Designing an Interactive Dashboard for Automated Cloud Resource Management

0 Kanak Mahadik Adobe Research San Jose , CA 95113 , USA 1 Sana Malik Adobe Research San Jose , CA 95113 , USA

Many applications today are deployed on the cloud and require their owners to decide how many resources (e.g., CPUs, memory) to allocate, known as provisioning. Due to the complexities of understanding variations in load, many applications are either under-provisioned or overprovisioned. We developed an automated resource configuration recommender system but found that application owners were hesitant to trust an automated system that may impact their applications' performance. Towards increasing trust, we built an interactive dashboard that allowed them to understand their resource usage, review the automated system's recommendation, and control when the recommendations are applied. We iteratively designed and piloted the system with owners of twenty cloud applications and discuss seven design needs for designing dashboards for automated resource management systems.

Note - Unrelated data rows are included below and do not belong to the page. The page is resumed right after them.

lemma char_points_eq_char_corners:
  assumes "int_resolution (\<lambda>s t. fst (F (s, t))) k"
  shows "char_points F i = int_resolution.char_corners (\<lambda>s t. fst (F (s, t))) i"
proof -
  interpret int_resolution "\<lambda>s t. fst (F (s, t))" k by (fact assms)
  show ?thesis
    unfolding char_points_def char_proj_def level_set_def char_corners_def
      row_start_def transposed.row_start_def
    by (rule image_cong) auto
qed

lemma all_char_points_eq_UN:
  assumes "\<And>p. fst (F p) \<le> int k"
  shows "all_char_points F = (\<Union>i\<in>{1..int k}. char_points F i)"
  using assms by (fastforce simp: all_char_points_def char_points_def level_set_def)

theorem theorem4p4:
  fixes k :: nat and F :: "real \<times> real \<Rightarrow> int \<times> 'g::lattice_ab_group_add"
  assumes "k \<ge> 1"
    and "dedekind_sigma_complete TYPE('g)"
    and "spectral_resolution2 k F"
  shows "(\<forall>i\<in>{1..int k}. level_set F i \<noteq> {} \<longrightarrow>
            finite (char_points F i) \<and> card (char_points F i) \<le> k) \<and>
         finite (all_char_points F) \<and> card (all_char_points F) \<le> k ^ 2"
proof -
  interpret int_resolution "\<lambda>s t. fst (F (s, t))" k
    using spectral_resolution2_int_resolution[OF assms(3)] .
  have level: "finite (char_points F i)" "card (char_points F i) \<le> k" if "1 \<le> i" for i
    using finite_char_corners[OF that] card_char_corners_le[OF that] int_resolution_axioms
    by (simp_all add: char_points_eq_char_corners)
  have UN: "all_char_points F = (\<Union>i\<in>{1..int k}. char_points F i)"
    using bounded by (intro all_char_points_eq_UN) (metis prod.collapse)
  have "card (all_char_points F) \<le> (\<Sum>i\<in>{1..int k}. card (char_points F i))"
    unfolding UN by (rule card_UN_le) simp
  also have "\<dots> \<le> (\<Sum>i\<in>{1..int k}. k)"
    using level(2) by (intro sum_mono) simp
  finally have "card (all_char_points F) \<le> k ^ 2"
    by (simp add: power2_eq_square)
  moreover have "finite (all_char_points F)"
    unfolding UN using level(1) by simp
  ultimately show ?thesis
    using level by simp
qed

________________________________________________________ Workshop proceedings Automation Experience across Domains In conjunction with CHI'20, April 26th, 2020, Honolulu, HI, USA Copyright © 2020 for this paper by its authors. Use permitted under Creative Commons License Attribution 4.0 International (CC BY 4.0). Website: http://everyday-automation.tech-experience.at

Author Keywords

automation; resource allocation; dashboard

CCS Concepts

•Human-centered computing ! Interactive systems and tools;

Introduction

Performance of an application executing in the public cloud invariably depends on its provisioned resources. Underprovisioning can result in performance degradation and costly application-level agreement (SLA) violations, while over-provisioning leads to low resource utilization and wasted money. Designing cloud applications such that they can deliver on resource efficiency without performance degradation is key to their success. However, deciding these resource requirements is not straightforward for application owners. Cloud applications undergo striking variations in load and application owners don’t always have tools to understand how their resources are being used over time. To alleviate these pains, we developed an automated resource configuration recommendation algorithm that provides recommendations for right-sized resource provisioning. However, during piloting, we found that application owners were hesitant to make changes to their applications’ configuration due to a lack of understanding of how their allocated resources are being used and distrust that the automated recommendations would not degrade their applications’ performance. Based on previous literature in the trust and automation domain, we decided to develop an interactive dashboard for application owners to build trust in the recommendations.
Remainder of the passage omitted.